Tabor College is hoping to find funding for additional housing for students in quarantine or isolation because of COVID-19.

County health administrator Diedre Serene said Monday she had been asked by the county emergency manager Randy Frank to write a health order to provide funding.

But counsel Brad Jantz told commissioners the county could not provide funding because “if we paid for it, it would have to be available to the public. I don’t think they ever intended that to be for public use. It was just intended for their students’ use.”

Last school year, the college arranged to use a portion of the old Salem Hospital building as a quarantine and isolation facility. The building no longer is available after water pipes burst when the heating system failed last winter.

Tabor was asking to be reimbursed for the expense of housing this year, Serene said.

Rusty Allen, executive vice president of operations at Tabor, did not respond to a reporter’s email seeking information.

Property appraisals

Although the state sent commissioners a letter Aug. 25 expressing concern that the appraiser’s office is off the mark on commercial property values, the amount of variance between appraisal values and sale values didn’t fall far from the target.

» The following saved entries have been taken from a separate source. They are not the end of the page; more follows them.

lemma consensus_error_bound_summable:
  fixes T A :: "'a::euclidean_space \<Rightarrow> 'a"
  assumes "linear T" "linear A" "\<And>X. A (T X) = A X"
    and "\<And>n. onorm (\<lambda>X. (T ^^ n) X - A X) \<le> C * \<zeta> ^ n" "0 \<le> C"
    and "\<And>k. x (Suc k) = T (x k) + e k"
    and e_bound: "\<And>k. norm (e k) \<le> c * s k" "0 \<le> c"
    and summable: "\<And>k. (\<Sum>j\<le>k. \<zeta> ^ (k - j) * s j) \<le> C_s * s k"
  shows "norm (x (Suc k) - A (x (Suc k))) \<le> C * \<zeta> ^ Suc k * norm (x 0) + C * (c * (C_s * s k))"
proof -
  have "(\<Sum>j<Suc k. \<zeta> ^ (Suc k - Suc j) * (c * s j)) = c * (\<Sum>j\<le>k. \<zeta> ^ (k - j) * s j)"
    by (simp add: lessThan_Suc_atMost sum_distrib_left mult_ac)
  also have "\<dots> \<le> c * (C_s * s k)"
    using summable \<open>0 \<le> c\<close> by (rule mult_left_mono)
  finally have "C * (\<Sum>j<Suc k. \<zeta> ^ (Suc k - Suc j) * (c * s j)) \<le> C * (c * (C_s * s k))"
    using \<open>0 \<le> C\<close> by (rule mult_left_mono)
  then show ?thesis
    using consensus_error_bound[where b = "\<lambda>j. c * s j" and k = "Suc k", OF assms(1-4,6) e_bound(1)]
    by linarith
qed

County appraiser Nikki Reid told commissioners Monday that out of a possible 97 point score for overall appraisals, the county’s score was 96.9.

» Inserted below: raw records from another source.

lemma vvform_transpose_args:
  assumes K: "K \<in> vvform k" and ab: "a < k" "b < k" "a \<noteq> b"
  shows "K x (\<lambda>i. v (Transposition.transpose a b i)) = - K x v"
proof -
  define f where "f p q = K x (v(a := p, b := q))" for p q
  have lin_a: "linear (\<lambda>p. f p q)" for q
    using vvformD(2)[OF K ab(1), of x "v(b := q)"] ab(3) by (simp add: f_def fun_upd_twist)
  have lin_b: "linear (\<lambda>q. f p q)" for p
    using vvformD(2)[OF K ab(2), of x "v(a := p)"] by (simp add: f_def)
  have diag: "f p p = 0" for p
    unfolding f_def by (rule vvformD(3)[OF K ab]) simp
  have "0 = f (v a + v b) (v a + v b)"
    by (rule diag[symmetric])
  also have "\<dots> = f (v a) (v b) + f (v b) (v a)"
    using diag[of "v a"] diag[of "v b"] by (simp add: linear_add[OF lin_a] linear_add[OF lin_b])
  finally have "f (v b) (v a) = - f (v a) (v b)"
    by (metis add.commute eq_neg_iff_add_eq_0)
  moreover have "f (v a) (v b) = K x v"
    by (simp add: f_def)
  moreover have "f (v b) (v a) = K x (\<lambda>i. v (Transposition.transpose a b i))"
    unfolding f_def by (rule arg_cong[where f = "K x"]) (auto simp: Transposition.transpose_def)
  ultimately show ?thesis by simp
qed

lemma vvform_permute_args:
  assumes K: "K \<in> vvform k" and r: "r permutes {..<k}"
  shows "K x (\<lambda>i. v (r i)) = of_int (sign r) *\<^sub>R K x v"
  using r finite_lessThan[of k]
proof (induction arbitrary: v rule: permutes_induct)
  case id
  then show ?case by simp
next
  case (swap a b p)
  have sign: "sign (Transposition.transpose a b \<circ> p) = - sign p"
    using sign_compose[OF permutation_swap_id permutes_imp_permutation[OF finite_lessThan swap.hyps(4)]]
      swap.hyps(3) by (simp add: sign_swap_id)
  have "K x (\<lambda>i. v ((Transposition.transpose a b \<circ> p) i)) = of_int (sign p) *\<^sub>R (- K x v)"
    using swap.IH[of "\<lambda>j. v (Transposition.transpose a b j)"] vvform_transpose_args[OF K] swap.hyps
    by simp
  then show ?case
    unfolding sign by simp
qed

lemma diff_alternating_comp:
  assumes "K \<in> vvform k"
  shows "diff_alternating k (comp K j)"
  unfolding diff_alternating_def alternating_def comp_def
  using vvform_permute_args[OF assms] smooth_fun_differentiable[OF vvformD(4)[OF assms]] by simp

lemma comp_Pdiag: "comp Pdiag j = (\<lambda>x v. x $ j * v 0 $ j)"
  by (simp add: comp_def Pdiag_def)

lemma lie_comp_Pdiag: "lie m (comp Pdiag j) = (\<lambda>x v. axis m 1 $ j * v 0 $ j)"
  by (simp add: lie_def comp_Pdiag frechet_derivative_component_mult)

lemma dR_comp_Pdiag: "dR 1 (comp Pdiag j) = (\<lambda>x v. 0)"
  by (simp add: dR_def comp_Pdiag frechet_derivative_component_mult)

lemma FN_Pdiag_component_wedge:
  assumes K: "K \<in> vvform k"
  shows "FN 1 k Pdiag K x v $ t
    = (\<Sum>j\<in>UNIV. wedge 1 k (comp Pdiag j) (lie j (comp K t)) x v)
      - wedge 1 k (\<lambda>x v. v 0 $ t) (comp K t) x v - x $ t * dR k (comp K t) x v"
proof -
  have lie_term: "wedge 1 k (lie m (comp Pdiag j)) (comp K m) x v *\<^sub>R axis j 1
      = (if m = j then wedge 1 k (\<lambda>x v. v 0 $ j) (comp K j) x v *\<^sub>R axis j 1 else 0)" for j m
    by (auto simp: lie_comp_Pdiag axis_def wedge_zero_left)
  have contr_term: "((-1) ^ 1 * wedge (1 - 1) (k + 1) (contr 1 m (comp Pdiag j)) (dR k (comp K m)) x v)
        *\<^sub>R axis j 1
      = (if m = j then - (x $ j * dR k (comp K j) x v) *\<^sub>R axis j 1 else 0)" for j m
    using wedge_0_left[OF alternating_dR[OF diff_alternating_comp[OF K]]]
    by (simp add: contr_def comp_Pdiag axis_def)
  have "FN 1 k Pdiag K x v
    = (\<Sum>j\<in>UNIV. \<Sum>m\<in>UNIV. wedge 1 k (comp Pdiag j) (lie j (comp K m)) x v *\<^sub>R axis m 1)
      - (\<Sum>j\<in>UNIV. (wedge 1 k (\<lambda>x v. v 0 $ j) (comp K j) x v + x $ j * dR k (comp K j) x v)
          *\<^sub>R axis j 1)"
    unfolding FN_def lie_term contr_term dR_comp_Pdiag wedge_zero_left
    by (simp add: sum_subtractf sum.distrib sum.delta' scaleR_add_left)
  then show ?thesis
    by (simp add: axis_def if_distrib[of "\<lambda>c. _ * c"] cong: if_cong)
qed

lemma sum_coordinate_difference_axis: "(\<Sum>j\<in>UNIV. (x $ j - x $ t) * axis t 1 $ j * f j) = (0::real)"
  by (rule sum.neutral) (auto simp: axis_def)

lemma FN_Pdiag_component:
  assumes K: "K \<in> vvform k"
  shows "FN 1 k Pdiag K x v $ t = (\<Sum>i\<le>k. (-1) ^ i *
      ((\<Sum>j\<in>UNIV. (x $ j - x $ t) * v i $ j * lie j (comp K t) x (drop_arg i v))
       - v i $ t * comp K t x (drop_arg i v)))"
proof -
  have a: "diff_alternating k (comp K t)"
    by (rule diff_alternating_comp[OF K])
  let ?L = "\<lambda>j i. lie j (comp K t) x (drop_arg i v)"
  have "wedge 1 k (comp Pdiag j) (lie j (comp K t)) x v
      = (\<Sum>i\<le>k. (-1) ^ i * (x $ j * v i $ j * ?L j i))"
    for j using wedge_1_left_expansion[OF alternating_lie[OF a], of "comp Pdiag j"]
    by (simp add: comp_Pdiag ac_simps)
  then have lie_part: "(\<Sum>j\<in>UNIV. wedge 1 k (comp Pdiag j) (lie j (comp K t)) x v)
      = (\<Sum>i\<le>k. (-1) ^ i * (\<Sum>j\<in>UNIV. x $ j * v i $ j * ?L j i))"
    by (simp add: sum.swap[where A = UNIV] sum_distrib_left)
  have shift_part: "wedge 1 k (\<lambda>x v. v 0 $ t) (comp K t) x v
      = (\<Sum>i\<le>k. (-1) ^ i * (v i $ t * comp K t x (drop_arg i v)))"
    using wedge_1_left_expansion[of k "comp K t" "\<lambda>x v. v 0 $ t"] a
    by (simp add: diff_alternating_def ac_simps)
  have dR_part: "x $ t * dR k (comp K t) x v
      = (\<Sum>i\<le>k. (-1) ^ i * (\<Sum>j\<in>UNIV. x $ t * v i $ j * ?L j i))"
    by (simp add: dR_expansion[OF a] sum_distrib_left ac_simps)
  have "FN 1 k Pdiag K x v $ t
      = (\<Sum>i\<le>k. (-1) ^ i * (\<Sum>j\<in>UNIV. x $ j * v i $ j * ?L j i))
        - (\<Sum>i\<le>k. (-1) ^ i * (v i $ t * comp K t x (drop_arg i v)))
        - (\<Sum>i\<le>k. (-1) ^ i * (\<Sum>j\<in>UNIV. x $ t * v i $ j * ?L j i))"
    unfolding FN_Pdiag_component_wedge[OF K] lie_part shift_part dR_part ..
  then show ?thesis
    by (simp add: sum_subtractf sum.distrib sum_distrib_left algebra_simps)
qed

section \<open>Exactness\<close>

lemma Pdiag_vvform: "Pdiag \<in> vvform 1"
  unfolding vvform_def
proof (intro CollectI conjI allI impI)
  fix x v i assume "i < (1::nat)"
  then show "linear (\<lambda>u. Pdiag x (v(i := u)))"
    by (intro linearI) (simp_all add: Pdiag_def vec_eq_iff algebra_simps)
next
  fix v :: "nat \<Rightarrow> real^'n" and j :: 'n
  show "smooth_fun (\<lambda>x. Pdiag x v $ j)"
    using smooth_fun_affine_component[of j "v 0 $ j" 0] by (simp add: Pdiag_def)
qed (auto simp: Pdiag_def)

lemma FN_Pdiag_Pdiag: "FN 1 1 Pdiag Pdiag = (\<lambda>x v. 0)"
proof (intro ext)
  fix x :: "real^'n" and v
  have off_diagonal: "(x $ j - x $ t) * a * (axis j 1 $ t * b) = 0" for j t and a b :: real
    by (auto simp: axis_def)
  show "FN 1 1 Pdiag Pdiag x v = 0"
    unfolding vec_eq_iff FN_Pdiag_component[OF Pdiag_vvform] lie_comp_Pdiag
    by (simp add: comp_Pdiag drop_arg_def off_diagonal)
qed

(* L = - Sum_t (i_{d/dx^t} K^t) (x) d/dx^t, the primitive of a closed K *)
definition diag_contraction :: "('n::finite) vform \<Rightarrow> 'n vform" where
  "diag_contraction K = (\<lambda>x v. \<chi> t. - K x (prepend_arg (axis t 1) v) $ t)"

lemma diag_contraction_vvform:
  fixes K :: "('n::finite) vform"
  assumes K: "K \<in> vvform (Suc k)"
  shows "diag_contraction K \<in> vvform k"
  unfolding vvform_def diag_contraction_def
proof (intro CollectI conjI allI impI)
  fix x v w assume "\<forall>i<k. v i = (w i :: real^'n)"
  then have "K x (prepend_arg (axis t 1) v) = K x (prepend_arg (axis t 1) w)" for t
    by (intro vvformD(1)[OF K]) (auto simp: prepend_arg_def)
  then show "(\<chi> t. - K x (prepend_arg (axis t 1) v) $ t) = (\<chi> t. - K x (prepend_arg (axis t 1) w) $ t)"
    by simp
next
  fix x v i assume "i < k"
  then have lin: "linear (\<lambda>u. K x ((prepend_arg (axis t 1) v)(Suc i := u)))" for t
    by (intro vvformD(2)[OF K]) simp
  have "prepend_arg (axis t 1) (v(i := u)) = (prepend_arg (axis t 1) v)(Suc i := u)" for t u
    by (auto simp: prepend_arg_def fun_eq_iff)
  then show "linear (\<lambda>u. \<chi> t. - K x (prepend_arg (axis t 1) (v(i := u))) $ t)"
    by (intro linearI) (simp_all add: vec_eq_iff linear_add[OF lin] linear_scale[OF lin])
next
  fix x v i j assume "i < k \<and> j < k \<and> i \<noteq> j \<and> v i = (v j :: real^'n)"
  then have "K x (prepend_arg (axis t 1) v) = 0" for t
    by (intro vvformD(3)[OF K, of "Suc i" "Suc j"]) auto
  then show "(\<chi> t. - K x (prepend_arg (axis t 1) v) $ t) = 0"
    by (simp add: vec_eq_iff)
next
  fix v :: "nat \<Rightarrow> real^'n" and j
  show "smooth_fun (\<lambda>x. (\<chi> t. - K x (prepend_arg (axis t 1) v) $ t) $ j)"
    using smooth_fun_minus[OF vvformD(4)[OF K]] by simp
qed

lemma comp_diag_contraction:
  "comp (diag_contraction K) t = (\<lambda>x v. - comp K t x (prepend_arg (axis t 1) v))"
  by (simp add: diag_contraction_def comp_def)

lemma lie_comp_diag_contraction:
  assumes "K \<in> vvform k"
  shows "lie j (comp (diag_contraction K) t) x v = - lie j (comp K t) x (prepend_arg (axis t 1) v)"
  unfolding lie_def comp_diag_contraction
  using smooth_fun_differentiable[OF vvformD(4)[OF assms]]
  by (simp add: comp_def frechet_derivative_minus)

lemma FN_Pdiag_closed_0_form:
  assumes K: "K \<in> vvform 0" and closed: "FN 1 0 Pdiag K = (\<lambda>x v. 0)"
  shows "K = (\<lambda>x v. 0)"
proof (intro ext)
  fix x w
  show "K x w = 0"
  proof (rule vec_eq_iff[THEN iffD2], intro allI)
    fix t
    have "0 = FN 1 0 Pdiag K x (\<lambda>_. axis t 1) $ t"
      using closed by simp
    also have "\<dots> = - comp K t x (drop_arg 0 (\<lambda>_. axis t 1))"
      unfolding FN_Pdiag_component[OF K] by (simp add: sum_coordinate_difference_axis)
    also have "\<dots> = - K x w $ t"
      using vvformD(1)[OF K, where v = "drop_arg 0 (\<lambda>_. axis t 1)" and w = w] by (simp add: comp_def)
    finally show "K x w $ t = 0 $ t" by simp
  qed
qed

lemma FN_Pdiag_diag_contraction:
  assumes K: "K \<in> vvform (Suc k)" and closed: "FN 1 (Suc k) Pdiag K = (\<lambda>x v. 0)"
  shows "FN 1 k Pdiag (diag_contraction K) = K"
proof (intro ext)
  fix x v
  show "FN 1 k Pdiag (diag_contraction K) x v = K x v"
  proof (rule vec_eq_iff[THEN iffD2], intro allI)
    fix t
    let ?w = "\<lambda>i. prepend_arg (axis t 1) (drop_arg i v)"
    define T where "T i = (\<Sum>j\<in>UNIV. (x $ j - x $ t) * v i $ j * lie j (comp K t) x (?w i))
        - v i $ t * comp K t x (?w i)" for i
    \<comment> \<open>closedness on (d/dx^t, v 0, ..., v k): the summand i = 0 is -K^t(v), the others
      are exactly the summands of [P, L]^t(v)\<close>
    have "0 = FN 1 (Suc k) Pdiag K x (prepend_arg (axis t 1) v) $ t"
      using closed by simp
    also have "\<dots> = - comp K t x v - (\<Sum>i\<le>k. (-1) ^ i * T i)"
      unfolding FN_Pdiag_component[OF K] sum.atMost_Suc_shift
      by (simp add: T_def sum_coordinate_difference_axis sum_negf)
    finally have "K x v $ t = - (\<Sum>i\<le>k. (-1) ^ i * T i)"
      by (simp add: comp_def)
    moreover have "FN 1 k Pdiag (diag_contraction K) x v $ t = - (\<Sum>i\<le>k. (-1) ^ i * T i)"
      unfolding FN_Pdiag_component[OF diag_contraction_vvform[OF K]] lie_comp_diag_contraction[OF K]
      by (simp add: comp_diag_contraction T_def sum_negf distrib_left sum.distrib
          right_diff_distrib sum_subtractf)
    ultimately show "FN 1 k Pdiag (diag_contraction K) x v $ t = K x v $ t"
      by simp
  qed
qed

theorem proposition16p1:
  shows "Pdiag \<in> (vvform 1 :: 'n::finite vform set)
    \<and> FN 1 1 (Pdiag :: 'n vform) Pdiag = (\<lambda>x v. 0)
    \<and> (\<forall>k. \<forall>K \<in> (vvform k :: 'n vform set). FN 1 k Pdiag K = (\<lambda>x v. 0) \<longrightarrow>
          (if k = 0 then K = (\<lambda>x v. 0)
           else (\<exists>L \<in> vvform (k - 1). FN 1 (k - 1) Pdiag L = K)))"
proof (intro conjI allI ballI impI)
  show "Pdiag \<in> (vvform 1 :: 'n vform set)"
    by (rule Pdiag_vvform)
  show "FN 1 1 (Pdiag :: 'n vform) Pdiag = (\<lambda>x v. 0)"
    by (rule FN_Pdiag_Pdiag)
  fix k and K :: "'n vform"
  assume K: "K \<in> vvform k" and closed: "FN 1 k Pdiag K = (\<lambda>x v. 0)"
  show "if k = 0 then K = (\<lambda>x v. 0) else (\<exists>L \<in> vvform (k - 1). FN 1 (k - 1) Pdiag L = K)"
  proof (cases k)
    case 0
    with K closed show ?thesis
      using FN_Pdiag_closed_0_form by simp
  next
    case (Suc k')
    with K closed have K': "K \<in> vvform (Suc k')" and closed': "FN 1 (Suc k') Pdiag K = (\<lambda>x v. 0)"
      by simp_all
    show ?thesis
      using Suc diag_contraction_vvform[OF K'] FN_Pdiag_diag_contraction[OF K' closed'] by auto
  qed
qed

end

“It’s on commercial appraisals the score wasn’t as good,” Reid said.

The state expects the difference between appraised value and sale prices to be no more than 20%. The calculated gap between the appraiser’s commercial values and actual sale prices averaged 39.9%.

“We don’t typically have a lot of commercial sales, and that doesn’t help when you don’t have a lot of commercial sales,” Reid said.

Because the gap was too wide, the county was considered out of compliance on commercial property.

Reid said the appraiser’s office would look at a different set of data for 2022 values.

Residential housing has experienced rapid and high-dollar sales in recent months, and appraisals on residential property could well be off in 2022, Reid said.